The study demonstrates that SERS captures storage-induced chemical changes in green tea and, when combined with PCA-SVM, accurately predicts storage time, outperforming traditional sensory and standalone chemical analyses in speed and objectivity. Oxidation and hydrolysis of polyphenols during storage drive spectral changes, with increases in the ~730 cm⁻¹ peak and decreases in aromatic ring vibrations consistent with catechin transformation and polymerization. Crucially, the ~730 cm⁻¹ peak is specific to myricetin among tested polyphenols, and its intensity scales with myricetin concentration. Quantitative SERS agreed with UPLC within ~6% error, and myricetin levels showed a strong positive linear correlation with storage duration (R² = 0.9346), validating myricetin as an indicator compound. The PCA-SVM model’s high accuracy (97.22% prediction) indicates that nonlinear classification effectively separates subtle quality differences across years. This integrative approach identifies not only storage time but also mechanistic markers (myricetin) linked to quality deterioration, offering a practical, rapid tool for quality monitoring.

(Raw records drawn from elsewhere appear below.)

(* Assume (H1)–(H4) below. Suppose that there is $\lambda_0>0$ such that for every $\lambda\ge\lambda_0$ the coupled Riccati equations, for $i\in\mathcal S$, $s\in[0,T]$ (coefficients at $(s,i)$), $$\begin{aligned}\dot{\mathcal P}_\lambda(s,i)&=-\mathcal P_\lambda(s,i)\widehat A-\widehat A^\top\mathcal P_\lambda(s,i)-G+\begin{pmatrix}\widetilde F^\top\mathcal P_\lambda(s,i)+\widetilde S_1\\\widehat H^\top\mathcal P_\lambda(s,i)+S_2\end{pmatrix}^{\!\top}\begin{pmatrix}\widetilde T_{11}+\mathcal P_\lambda(s,i)&0\\0&T_{22}\end{pmatrix}^{-1}\begin{pmatrix}\widetilde F^\top\mathcal P_\lambda(s,i)+\widetilde S_1\\\widehat H^\top\mathcal P_\lambda(s,i)+S_2\end{pmatrix}\\&\quad+\sum_{k=1}^D\lambda_{ik}(s)\mathcal P_\lambda(s,i)\mathcal P_\lambda(s,k)^{-1}\mathcal P_\lambda(s,i),\qquad\mathcal P_\lambda(T,i)=\lambda I,\end{aligned}$$ admit a solution $(\mathcal P_\lambda(\cdot,1),\dots,\mathcal P_\lambda(\cdot,D))$ with each $\mathcal P_\lambda(\cdot,i)\in C(0,T;\mathbb S^n_+)$ such that for every $i\in\mathcal S$: $\mathcal P_\lambda(\cdot,i)+\widetilde T_{11}(\cdot,i)\gg0$, and $\mathcal P_{\lambda_2}(\cdot,i)\ge\mathcal P_{\lambda_1}(\cdot,i)$ whenever $\lambda_2>\lambda_1\ge\lambda_0$. Then the coupled Riccati equations $$\dot\Sigma(s,i)=\widehat A\Sigma(s,i)+\Sigma(s,i)\widehat A^\top+\Sigma(s,i)G\Sigma(s,i)-\sum_{k=1}^D\lambda_{ik}(s)\Sigma(s,k)-\widehat{\mathcal F}(\Sigma(s,i))\widehat{\mathcal T}(\Sigma(s,i))^{-1}\Sigma(s,i)\widehat{\mathcal F}(\Sigma(s,i))^\top-\widehat{\mathcal H}(\Sigma(s,i))T_{22}^{-1}\widehat{\mathcal H}(\Sigma(s,i))^\top,\quad\Sigma(T,i)=0,$$ admit a solution $(\Sigma(\cdot,1),\dots,\Sigma(\cdot,D))$ with $\Sigma(\cdot,i)\in C(0,T;\overline{\mathbb S^n_+})$ and $\widehat{\mathcal T}(\Sigma(\cdot,i))^{-1}\in L^\infty(0,T;\mathbb R^{n\times n})$ for all $i\in\mathcal S$.
   Context: Let $T>0$ and $(\Omega,\mathcal F,\mathbb P)$ a complete probability space carrying a one-dimensional standard Brownian motion $W$ and an independent continuous-time, finite-state, irreducible Markov chain $\alpha$ with state space $\mathcal S=\{1,\dots,D\}$ and deterministic generator $[\lambda_{ij}(t)]$ ($\lambda_{ij}(t)\ge0$ for $i\ne j$, $\sum_{j}\lambda_{ij}(t)=0$). $\mathbb F$ is the natural filtration of $(W,\alpha)$ augmented by all $\mathbb P$-null sets. $\mathbb S^n$ denotes symmetric $n\times n$ matrices, $\mathbb S^n_+$ the positive definite ones and $\overline{\mathbb S^n_+}$ the positive semidefinite ones; for an $\mathbb S^n$-valued function $F$ on $[0,T]$, $F\gg0$ means $F(s)\ge\delta I$ for a.e. $s$, for some $\delta>0$. $L^\infty(0,T;\mathbb H)$: essentially bounded deterministic functions; $L^2_{\mathbb F}(0,T;\mathbb H)$: $\mathbb F$-progressively measurable processes $\varphi$ with $\mathbb E\int_0^T|\varphi|^2ds<\infty$; $L^2_{\mathcal F_T}(\Omega;\mathbb H)$: square integrable $\mathcal F_T$-measurable random variables; $\mathcal U_k=L^2_{\mathbb F}(0,T;\mathbb R^{m_k})$, $k=1,2$. Game data. State equation: $dX=[A(s,\alpha)X+B_1(s,\alpha)u_1+B_2(s,\alpha)u_2+b(s)]ds+[C(s,\alpha)X+D_1(s,\alpha)u_1+D_2(s,\alpha)u_2+\sigma(s)]dW$, $X(0)=x$, $\alpha(0)=i$. Criterion: $J(x,i;u_1,u_2)=\mathbb E\{\int_0^T[\langle Q(s,\alpha(s))X,X\rangle+\sum_{k=1}^2\langle R_k(s,\alpha(s))u_k,u_k\rangle]ds+\langle M(T,\alpha(T))X(T),X(T)\rangle+2\langle m,X(T)\rangle\}$. $J^0$ denotes $J$ with $b=\sigma=0$, $m=0$. (H1) For each $i$: $A(\cdot,i),C(\cdot,i)\in L^\infty(0,T;\mathbb R^{n\times n})$, $B_k(\cdot,i),D_k(\cdot,i)\in L^\infty(0,T;\mathbb R^{n\times m_k})$, $b,\sigma\in L^2_{\mathbb F}(0,T;\mathbb R^n)$. (H2) For each $i$: $Q(\cdot,i)\in L^\infty(0,T;\mathbb S^n)$, $R_k(\cdot,i)\in L^\infty(0,T;\mathbb S^{m_k})$, $M(T,i)\in\mathbb S^n$, $m\in L^2_{\mathcal F_T}(\Omega;\mathbb R^n)$ (no definiteness assumed). (H3) There is $\lambda_F>0$ with $J^0(0,i;u_1,0)\ge\lambda_F\mathbb E\int_0^T|u_1|^2ds$ for all $u_1\in\mathcal U_1$, $i\in\mathcal S$. (H4) There is $\lambda_L>0$ with $J^0(0,i;0,u_2)\le-\lambda_L\mathbb E\int_0^T|u_2|^2ds$ for all $u_2\in\mathcal U_2$, $i\in\mathcal S$. Follower's Riccati solution (known fact taken as given): under (H1)–(H3), the coupled equations $\dot P(s,i)=-P(s,i)A(s,i)-A(s,i)^\top P(s,i)-C(s,i)^\top P(s,i)C(s,i)+\widehat S_1(s,i)^\top\widehat R_1(s,i)^{-1}\widehat S_1(s,i)-Q(s,i)-\sum_{k=1}^D\lambda_{ik}(s)P(s,k)$, $P(T,i)=M(T,i)$, $i\in\mathcal S$, have a unique solution with $P(\cdot,i)\in C(0,T;\mathbb S^n)$ and $\widehat R_1(\cdot,i)\gg0$ for all $i$, where $\widehat S_1=B_1^\top P+D_1^\top PC$, $\widehat R_1=R_1+D_1^\top PD_1$; $P$ denotes this solution. Derived coefficients (argument $(s,i)$): $\Xi=D_1^\top PD_2$; $\widehat A=\widehat S_1^\top\widehat R_1^{-1}B_1^\top-A^\top$; $\widehat C=\widehat S_1^\top\widehat R_1^{-1}D_1^\top-C^\top$; $\widehat H=\widehat CPD_2-PB_2$; $G=B_1\widehat R_1^{-1}B_1^\top$; $S_1=D_1\widehat R_1^{-1}B_1^\top$; $S_2=\Xi^\top\widehat R_1^{-1}B_1^\top-B_2^\top$; $T_{11}=D_1\widehat R_1^{-1}D_1^\top$; $T_{21}=T_{12}^\top=\Xi^\top\widehat R_1^{-1}D_1^\top-D_2^\top$; $T_{22}=\Xi^\top\widehat R_1^{-1}\Xi-R_2-D_2^\top PD_2$. Under (H1)–(H4), $T_{22}(\cdot,i)\gg0$ (established separately), so $T_{22}^{-1}$ exists and is bounded. Further: $\widetilde F=\widehat C-\widehat HT_{22}^{-1}T_{21}$; $\widetilde S_1=S_1-T_{12}T_{22}^{-1}S_2$; $\widetilde T_{11}=T_{11}-T_{12}T_{22}^{-1}T_{21}$; and for an $\mathbb S^n$-valued $\Sigma$: $\widehat{\mathcal T}(\Sigma(s,i))=I+\Sigma(s,i)\widetilde T_{11}(s,i)$, $\widehat{\mathcal F}(\Sigma(s,i))=\widetilde F(s,i)+\Sigma(s,i)\widetilde S_1(s,i)^\top$, $\widehat{\mathcal H}(\Sigma(s,i))=\widehat H(s,i)+\Sigma(s,i)S_2(s,i)^\top$. *)

theory Defs
  imports "HOL-Analysis.Analysis"
begin

definition symm :: "real^'n^'n \<Rightarrow> bool" where
  "symm M \<longleftrightarrow> transpose M = M"

text \<open>Positive definite (S^n_+) and positive semidefinite (closure of S^n_+) symmetric matrices.\<close>
definition posdef :: "real^'n^'n \<Rightarrow> bool" where
  "posdef M \<longleftrightarrow> symm M \<and> (\<forall>x. x \<noteq> 0 \<longrightarrow> 0 < x \<bullet> (M *v x))"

SERS, coupled with a PCA-SVM model, provides a rapid and accurate method to predict green tea storage time, achieving 97.22% prediction accuracy. The Raman peak at ~730 cm⁻¹ is a characteristic signature of myricetin; its intensity correlates linearly with myricetin concentration and increases with storage time. Myricetin concentration itself correlates strongly with storage duration, supporting its role as an indicator compound for storage-related quality change in green tea. Future work should validate and enhance the model with a broader range of green teas and storage conditions and develop portable Raman-based methods for on-site, instant quality assessment.

- Generalizability: Samples were from a single green tea type (TPHK) and stored at 4 °C; broader validation across varieties, origins, processing grades, and storage conditions is needed. - Sample size and years: Limited to 2015–2020 vintages with 108 spectra; larger datasets could further stabilize model performance. - Instrumentation: Bench-top SERS setup; field-deployable, portable Raman systems need development and validation. - Modeling details: Although high accuracy was achieved, model optimization (e.g., selection of PCs) and external validation on independent datasets are necessary to confirm robustness.